**WHAT TO DO:**
The full listing below should be repeated exactly.

_ _ _ _ _ _ _

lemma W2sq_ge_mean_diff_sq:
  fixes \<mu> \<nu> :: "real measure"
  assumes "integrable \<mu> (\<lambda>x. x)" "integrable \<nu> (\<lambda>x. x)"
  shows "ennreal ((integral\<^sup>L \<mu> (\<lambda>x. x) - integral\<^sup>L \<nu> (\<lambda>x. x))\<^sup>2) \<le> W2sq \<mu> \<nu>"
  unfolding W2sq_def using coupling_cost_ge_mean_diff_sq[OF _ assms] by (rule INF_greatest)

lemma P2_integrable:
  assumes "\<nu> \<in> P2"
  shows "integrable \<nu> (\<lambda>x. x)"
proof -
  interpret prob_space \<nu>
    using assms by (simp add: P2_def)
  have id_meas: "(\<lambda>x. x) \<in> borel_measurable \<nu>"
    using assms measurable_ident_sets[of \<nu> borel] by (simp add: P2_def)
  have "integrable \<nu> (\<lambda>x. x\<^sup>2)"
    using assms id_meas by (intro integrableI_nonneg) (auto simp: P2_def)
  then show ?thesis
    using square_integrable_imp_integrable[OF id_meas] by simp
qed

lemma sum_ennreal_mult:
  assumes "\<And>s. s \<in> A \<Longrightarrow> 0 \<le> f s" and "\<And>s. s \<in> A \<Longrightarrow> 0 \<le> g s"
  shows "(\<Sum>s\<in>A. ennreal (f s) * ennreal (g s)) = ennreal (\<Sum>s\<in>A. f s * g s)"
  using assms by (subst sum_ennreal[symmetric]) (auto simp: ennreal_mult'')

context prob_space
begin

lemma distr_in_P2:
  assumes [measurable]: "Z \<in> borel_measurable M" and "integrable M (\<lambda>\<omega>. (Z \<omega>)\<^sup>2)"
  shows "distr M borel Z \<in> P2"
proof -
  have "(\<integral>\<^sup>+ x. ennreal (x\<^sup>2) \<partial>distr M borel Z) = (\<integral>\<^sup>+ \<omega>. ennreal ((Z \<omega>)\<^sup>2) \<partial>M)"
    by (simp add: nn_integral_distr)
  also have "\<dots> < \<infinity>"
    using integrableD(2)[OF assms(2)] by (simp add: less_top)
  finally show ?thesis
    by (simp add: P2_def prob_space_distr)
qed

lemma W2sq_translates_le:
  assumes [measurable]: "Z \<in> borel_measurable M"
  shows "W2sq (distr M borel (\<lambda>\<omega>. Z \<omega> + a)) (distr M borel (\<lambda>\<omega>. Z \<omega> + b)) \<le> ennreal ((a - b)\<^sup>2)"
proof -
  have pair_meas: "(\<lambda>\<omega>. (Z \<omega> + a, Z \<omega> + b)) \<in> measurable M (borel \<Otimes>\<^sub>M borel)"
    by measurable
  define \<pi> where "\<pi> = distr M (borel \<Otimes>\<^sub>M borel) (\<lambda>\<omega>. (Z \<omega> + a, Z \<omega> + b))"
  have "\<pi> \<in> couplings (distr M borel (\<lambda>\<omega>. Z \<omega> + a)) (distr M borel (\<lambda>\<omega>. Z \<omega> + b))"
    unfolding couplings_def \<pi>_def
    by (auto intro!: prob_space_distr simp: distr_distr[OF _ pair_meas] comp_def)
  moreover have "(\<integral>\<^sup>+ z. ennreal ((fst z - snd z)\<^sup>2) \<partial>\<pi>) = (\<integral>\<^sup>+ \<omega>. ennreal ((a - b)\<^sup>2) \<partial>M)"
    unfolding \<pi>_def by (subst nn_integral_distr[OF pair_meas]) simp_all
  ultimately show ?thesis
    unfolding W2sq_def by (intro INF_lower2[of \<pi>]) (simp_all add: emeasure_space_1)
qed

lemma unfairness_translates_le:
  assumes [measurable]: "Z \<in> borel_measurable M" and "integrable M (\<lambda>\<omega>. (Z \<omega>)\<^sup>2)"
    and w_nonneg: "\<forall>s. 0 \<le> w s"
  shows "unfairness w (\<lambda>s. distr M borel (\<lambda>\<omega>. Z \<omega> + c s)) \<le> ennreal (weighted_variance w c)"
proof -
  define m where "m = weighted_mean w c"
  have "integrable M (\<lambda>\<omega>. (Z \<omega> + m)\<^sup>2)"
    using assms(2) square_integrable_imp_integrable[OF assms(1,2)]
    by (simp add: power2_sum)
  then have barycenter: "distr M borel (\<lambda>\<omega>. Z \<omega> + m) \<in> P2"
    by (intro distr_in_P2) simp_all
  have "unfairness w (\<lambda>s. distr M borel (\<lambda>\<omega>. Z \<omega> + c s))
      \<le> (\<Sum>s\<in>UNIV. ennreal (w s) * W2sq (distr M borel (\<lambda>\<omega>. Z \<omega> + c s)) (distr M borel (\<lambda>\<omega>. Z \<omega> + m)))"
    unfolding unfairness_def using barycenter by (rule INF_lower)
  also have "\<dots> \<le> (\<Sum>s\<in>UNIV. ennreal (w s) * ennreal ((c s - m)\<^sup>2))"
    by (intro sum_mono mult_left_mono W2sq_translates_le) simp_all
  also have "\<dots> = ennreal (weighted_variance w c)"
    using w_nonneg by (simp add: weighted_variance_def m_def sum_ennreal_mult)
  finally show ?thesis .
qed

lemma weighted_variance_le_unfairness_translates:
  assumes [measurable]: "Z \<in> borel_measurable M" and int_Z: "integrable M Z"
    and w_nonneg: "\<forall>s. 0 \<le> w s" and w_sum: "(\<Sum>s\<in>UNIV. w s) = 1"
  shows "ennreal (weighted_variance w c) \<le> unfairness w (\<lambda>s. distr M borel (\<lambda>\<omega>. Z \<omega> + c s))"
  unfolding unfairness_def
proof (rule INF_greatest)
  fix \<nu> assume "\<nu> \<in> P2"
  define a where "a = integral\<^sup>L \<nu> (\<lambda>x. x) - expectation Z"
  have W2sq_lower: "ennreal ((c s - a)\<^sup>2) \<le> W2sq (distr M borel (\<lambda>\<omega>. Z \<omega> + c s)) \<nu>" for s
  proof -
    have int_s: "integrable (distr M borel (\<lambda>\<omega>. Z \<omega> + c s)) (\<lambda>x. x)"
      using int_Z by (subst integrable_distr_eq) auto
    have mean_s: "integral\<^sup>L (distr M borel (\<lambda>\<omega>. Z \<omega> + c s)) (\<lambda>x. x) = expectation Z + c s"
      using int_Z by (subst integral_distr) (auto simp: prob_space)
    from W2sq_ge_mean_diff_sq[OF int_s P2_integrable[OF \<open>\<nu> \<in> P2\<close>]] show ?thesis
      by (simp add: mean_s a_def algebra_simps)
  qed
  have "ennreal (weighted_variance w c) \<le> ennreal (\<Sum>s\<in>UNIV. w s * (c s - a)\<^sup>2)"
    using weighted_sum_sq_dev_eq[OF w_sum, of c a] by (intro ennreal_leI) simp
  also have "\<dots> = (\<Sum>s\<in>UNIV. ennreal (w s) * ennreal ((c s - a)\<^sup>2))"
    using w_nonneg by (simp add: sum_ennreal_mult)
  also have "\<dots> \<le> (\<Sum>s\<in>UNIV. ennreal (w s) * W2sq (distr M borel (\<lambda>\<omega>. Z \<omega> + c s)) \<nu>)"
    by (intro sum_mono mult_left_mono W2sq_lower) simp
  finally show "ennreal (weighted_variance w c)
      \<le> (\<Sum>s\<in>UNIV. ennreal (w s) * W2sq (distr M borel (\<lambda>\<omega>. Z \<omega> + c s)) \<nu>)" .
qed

_ _ _ _ _ _ _

**TASK ANSWER:**
lemma W2sq_ge_mean_diff_sq:
  fixes \<mu> \<nu> :: "real measure"
  assumes "integrable \<mu> (\<lambda>x. x)" "integrable \<nu> (\<lambda>x. x)"
  shows "ennreal ((integral\<^sup>L \<mu> (\<lambda>x. x) - integral\<^sup>L \<nu> (\<lambda>x. x))\<^sup>2) \<le> W2sq \<mu> \<nu>"
  unfolding W2sq_def using coupling_cost_ge_mean_diff_sq[OF _ assms] by (rule INF_greatest)

lemma P2_integrable:
  assumes "\<nu> \<in> P2"
  shows "integrable \<nu> (\<lambda>x. x)"
proof -
  interpret prob_space \<nu>
    using assms by (simp add: P2_def)
  have id_meas: "(\<lambda>x. x) \<in> borel_measurable \<nu>"
    using assms measurable_ident_sets[of \<nu> borel] by (simp add: P2_def)
  have "integrable \<nu> (\<lambda>x. x\<^sup>2)"
    using assms id_meas by (intro integrableI_nonneg) (auto simp: P2_def)
  then show ?thesis
    using square_integrable_imp_integrable[OF id_meas] by simp
qed

lemma sum_ennreal_mult:
  assumes "\<And>s. s \<in> A \<Longrightarrow> 0 \<le> f s" and "\<And>s. s \<in> A \<Longrightarrow> 0 \<le> g s"
  shows "(\<Sum>s\<in>A. ennreal (f s) * ennreal (g s)) = ennreal (\<Sum>s\<in>A. f s * g s)"
  using assms by (subst sum_ennreal[symmetric]) (auto simp: ennreal_mult'')

context prob_space
begin

lemma distr_in_P2:
  assumes [measurable]: "Z \<in> borel_measurable M" and "integrable M (\<lambda>\<omega>. (Z \<omega>)\<^sup>2)"
  shows "distr M borel Z \<in> P2"
proof -
  have "(\<integral>\<^sup>+ x. ennreal (x\<^sup>2) \<partial>distr M borel Z) = (\<integral>\<^sup>+ \<omega>. ennreal ((Z \<omega>)\<^sup>2) \<partial>M)"
    by (simp add: nn_integral_distr)
  also have "\<dots> < \<infinity>"
    using integrableD(2)[OF assms(2)] by (simp add: less_top)
  finally show ?thesis
    by (simp add: P2_def prob_space_distr)
qed

lemma W2sq_translates_le:
  assumes [measurable]: "Z \<in> borel_measurable M"
  shows "W2sq (distr M borel (\<lambda>\<omega>. Z \<omega> + a)) (distr M borel (\<lambda>\<omega>. Z \<omega> + b)) \<le> ennreal ((a - b)\<^sup>2)"
proof -
  have pair_meas: "(\<lambda>\<omega>. (Z \<omega> + a, Z \<omega> + b)) \<in> measurable M (borel \<Otimes>\<^sub>M borel)"
    by measurable
  define \<pi> where "\<pi> = distr M (borel \<Otimes>\<^sub>M borel) (\<lambda>\<omega>. (Z \<omega> + a, Z \<omega> + b))"
  have "\<pi> \<in> couplings (distr M borel (\<lambda>\<omega>. Z \<omega> + a)) (distr M borel (\<lambda>\<omega>. Z \<omega> + b))"
    unfolding couplings_def \<pi>_def
    by (auto intro!: prob_space_distr simp: distr_distr[OF _ pair_meas] comp_def)
  moreover have "(\<integral>\<^sup>+ z. ennreal ((fst z - snd z)\<^sup>2) \<partial>\<pi>) = (\<integral>\<^sup>+ \<omega>. ennreal ((a - b)\<^sup>2) \<partial>M)"
    unfolding \<pi>_def by (subst nn_integral_distr[OF pair_meas]) simp_all
  ultimately show ?thesis
    unfolding W2sq_def by (intro INF_lower2[of \<pi>]) (simp_all add: emeasure_space_1)
qed

lemma unfairness_translates_le:
  assumes [measurable]: "Z \<in> borel_measurable M" and "integrable M (\<lambda>\<omega>. (Z \<omega>)\<^sup>2)"
    and w_nonneg: "\<forall>s. 0 \<le> w s"
  shows "unfairness w (\<lambda>s. distr M borel (\<lambda>\<omega>. Z \<omega> + c s)) \<le> ennreal (weighted_variance w c)"
proof -
  define m where "m = weighted_mean w c"
  have "integrable M (\<lambda>\<omega>. (Z \<omega> + m)\<^sup>2)"
    using assms(2) square_integrable_imp_integrable[OF assms(1,2)]
    by (simp add: power2_sum)
  then have barycenter: "distr M borel (\<lambda>\<omega>. Z \<omega> + m) \<in> P2"
    by (intro distr_in_P2) simp_all
  have "unfairness w (\<lambda>s. distr M borel (\<lambda>\<omega>. Z \<omega> + c s))
      \<le> (\<Sum>s\<in>UNIV. ennreal (w s) * W2sq (distr M borel (\<lambda>\<omega>. Z \<omega> + c s)) (distr M borel (\<lambda>\<omega>. Z \<omega> + m)))"
    unfolding unfairness_def using barycenter by (rule INF_lower)
  also have "\<dots> \<le> (\<Sum>s\<in>UNIV. ennreal (w s) * ennreal ((c s - m)\<^sup>2))"
    by (intro sum_mono mult_left_mono W2sq_translates_le) simp_all
  also have "\<dots> = ennreal (weighted_variance w c)"
    using w_nonneg by (simp add: weighted_variance_def m_def sum_ennreal_mult)
  finally show ?thesis .
qed

lemma weighted_variance_le_unfairness_translates:
  assumes [measurable]: "Z \<in> borel_measurable M" and int_Z: "integrable M Z"
    and w_nonneg: "\<forall>s. 0 \<le> w s" and w_sum: "(\<Sum>s\<in>UNIV. w s) = 1"
  shows "ennreal (weighted_variance w c) \<le> unfairness w (\<lambda>s. distr M borel (\<lambda>\<omega>. Z \<omega> + c s))"
  unfolding unfairness_def
proof (rule INF_greatest)
  fix \<nu> assume "\<nu> \<in> P2"
  define a where "a = integral\<^sup>L \<nu> (\<lambda>x. x) - expectation Z"
  have W2sq_lower: "ennreal ((c s - a)\<^sup>2) \<le> W2sq (distr M borel (\<lambda>\<omega>. Z \<omega> + c s)) \<nu>" for s
  proof -
    have int_s: "integrable (distr M borel (\<lambda>\<omega>. Z \<omega> + c s)) (\<lambda>x. x)"
      using int_Z by (subst integrable_distr_eq) auto
    have mean_s: "integral\<^sup>L (distr M borel (\<lambda>\<omega>. Z \<omega> + c s)) (\<lambda>x. x) = expectation Z + c s"
      using int_Z by (subst integral_distr) (auto simp: prob_space)
    from W2sq_ge_mean_diff_sq[OF int_s P2_integrable[OF \<open>\<nu> \<in> P2\<close>]] show ?thesis
      by (simp add: mean_s a_def algebra_simps)
  qed
  have "ennreal (weighted_variance w c) \<le> ennreal (\<Sum>s\<in>UNIV. w s * (c s - a)\<^sup>2)"
    using weighted_sum_sq_dev_eq[OF w_sum, of c a] by (intro ennreal_leI) simp
  also have "\<dots> = (\<Sum>s\<in>UNIV. ennreal (w s) * ennreal ((c s - a)\<^sup>2))"
    using w_nonneg by (simp add: sum_ennreal_mult)
  also have "\<dots> \<le> (\<Sum>s\<in>UNIV. ennreal (w s) * W2sq (distr M borel (\<lambda>\<omega>. Z \<omega> + c s)) \<nu>)"
    by (intro sum_mono mult_left_mono W2sq_lower) simp
  finally show "ennreal (weighted_variance w c)
      \<le> (\<Sum>s\<in>UNIV. ennreal (w s) * W2sq (distr M borel (\<lambda>\<omega>. Z \<omega> + c s)) \<nu>)" .
qed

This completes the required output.